### Material shown:
+++++
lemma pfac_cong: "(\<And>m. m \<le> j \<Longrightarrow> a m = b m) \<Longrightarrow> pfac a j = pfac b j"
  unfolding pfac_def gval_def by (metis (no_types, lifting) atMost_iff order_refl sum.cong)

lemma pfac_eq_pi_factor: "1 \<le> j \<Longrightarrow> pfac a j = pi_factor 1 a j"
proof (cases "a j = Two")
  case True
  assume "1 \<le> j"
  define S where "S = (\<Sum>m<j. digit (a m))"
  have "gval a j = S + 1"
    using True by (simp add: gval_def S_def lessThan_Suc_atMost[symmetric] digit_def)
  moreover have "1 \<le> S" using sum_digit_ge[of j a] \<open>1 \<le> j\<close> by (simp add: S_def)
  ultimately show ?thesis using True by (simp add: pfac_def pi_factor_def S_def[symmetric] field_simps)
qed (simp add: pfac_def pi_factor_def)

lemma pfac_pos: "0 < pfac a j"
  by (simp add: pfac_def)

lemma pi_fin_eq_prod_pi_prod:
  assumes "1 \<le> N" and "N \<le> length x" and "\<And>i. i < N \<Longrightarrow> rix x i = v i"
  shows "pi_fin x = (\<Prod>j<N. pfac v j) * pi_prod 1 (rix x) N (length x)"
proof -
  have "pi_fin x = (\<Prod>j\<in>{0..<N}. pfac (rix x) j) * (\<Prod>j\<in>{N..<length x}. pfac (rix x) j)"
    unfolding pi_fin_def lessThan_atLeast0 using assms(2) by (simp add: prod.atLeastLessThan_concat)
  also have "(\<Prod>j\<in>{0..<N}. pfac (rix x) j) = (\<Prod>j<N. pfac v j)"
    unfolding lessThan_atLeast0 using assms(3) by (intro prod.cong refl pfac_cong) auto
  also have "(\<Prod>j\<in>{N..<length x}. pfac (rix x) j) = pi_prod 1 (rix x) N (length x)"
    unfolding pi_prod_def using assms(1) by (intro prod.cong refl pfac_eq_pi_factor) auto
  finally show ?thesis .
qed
+++++
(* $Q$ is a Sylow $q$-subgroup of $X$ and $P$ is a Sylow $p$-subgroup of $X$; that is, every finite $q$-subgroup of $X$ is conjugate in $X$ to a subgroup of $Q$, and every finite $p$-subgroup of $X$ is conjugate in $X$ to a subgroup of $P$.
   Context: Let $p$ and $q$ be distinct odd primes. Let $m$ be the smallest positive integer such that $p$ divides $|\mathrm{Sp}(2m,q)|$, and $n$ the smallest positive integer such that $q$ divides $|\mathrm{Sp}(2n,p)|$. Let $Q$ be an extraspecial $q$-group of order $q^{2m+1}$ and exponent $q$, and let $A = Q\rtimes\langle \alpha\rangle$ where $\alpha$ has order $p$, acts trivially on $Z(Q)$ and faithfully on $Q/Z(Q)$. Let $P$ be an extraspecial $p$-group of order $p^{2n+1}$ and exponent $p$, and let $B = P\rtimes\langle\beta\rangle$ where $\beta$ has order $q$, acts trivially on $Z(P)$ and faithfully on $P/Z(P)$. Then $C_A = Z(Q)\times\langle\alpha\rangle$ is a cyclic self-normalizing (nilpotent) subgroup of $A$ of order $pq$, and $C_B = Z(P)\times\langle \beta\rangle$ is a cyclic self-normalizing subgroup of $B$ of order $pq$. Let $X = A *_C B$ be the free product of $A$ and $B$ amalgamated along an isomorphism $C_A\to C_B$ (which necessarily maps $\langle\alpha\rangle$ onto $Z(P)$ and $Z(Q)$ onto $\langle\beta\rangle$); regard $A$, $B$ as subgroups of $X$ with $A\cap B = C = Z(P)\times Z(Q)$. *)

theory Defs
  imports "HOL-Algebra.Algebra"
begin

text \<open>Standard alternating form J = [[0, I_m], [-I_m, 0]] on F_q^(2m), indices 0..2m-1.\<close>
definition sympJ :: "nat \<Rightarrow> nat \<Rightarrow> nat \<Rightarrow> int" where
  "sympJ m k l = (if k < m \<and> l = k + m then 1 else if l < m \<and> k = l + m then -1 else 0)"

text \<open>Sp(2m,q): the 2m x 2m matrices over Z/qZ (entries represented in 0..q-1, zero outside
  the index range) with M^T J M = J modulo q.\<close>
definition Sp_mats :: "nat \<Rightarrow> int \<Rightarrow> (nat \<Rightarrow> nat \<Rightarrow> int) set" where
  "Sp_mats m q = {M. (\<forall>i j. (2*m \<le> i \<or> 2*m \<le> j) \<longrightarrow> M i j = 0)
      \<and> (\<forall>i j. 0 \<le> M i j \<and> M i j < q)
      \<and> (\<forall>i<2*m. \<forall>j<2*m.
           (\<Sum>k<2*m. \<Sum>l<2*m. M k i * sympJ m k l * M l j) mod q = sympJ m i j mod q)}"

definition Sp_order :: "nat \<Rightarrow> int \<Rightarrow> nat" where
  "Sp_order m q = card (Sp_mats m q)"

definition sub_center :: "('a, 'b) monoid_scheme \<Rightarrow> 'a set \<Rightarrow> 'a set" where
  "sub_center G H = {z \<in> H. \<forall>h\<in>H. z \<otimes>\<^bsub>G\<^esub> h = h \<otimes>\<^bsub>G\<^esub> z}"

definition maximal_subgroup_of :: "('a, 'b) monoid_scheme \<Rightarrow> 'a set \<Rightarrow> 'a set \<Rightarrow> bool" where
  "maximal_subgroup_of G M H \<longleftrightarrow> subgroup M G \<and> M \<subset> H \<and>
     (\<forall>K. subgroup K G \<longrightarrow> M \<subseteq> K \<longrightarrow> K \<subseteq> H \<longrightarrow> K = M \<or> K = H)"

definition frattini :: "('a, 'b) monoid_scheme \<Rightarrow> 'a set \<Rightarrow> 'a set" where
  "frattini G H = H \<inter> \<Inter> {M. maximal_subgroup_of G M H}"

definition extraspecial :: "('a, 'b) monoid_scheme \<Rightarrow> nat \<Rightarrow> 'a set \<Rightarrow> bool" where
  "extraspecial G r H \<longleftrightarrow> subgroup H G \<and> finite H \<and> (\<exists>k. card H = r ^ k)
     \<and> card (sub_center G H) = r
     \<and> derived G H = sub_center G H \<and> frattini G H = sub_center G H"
+++++
### Assignment:
Write the number of data lines with "length", nothing else.

### Answer section:
4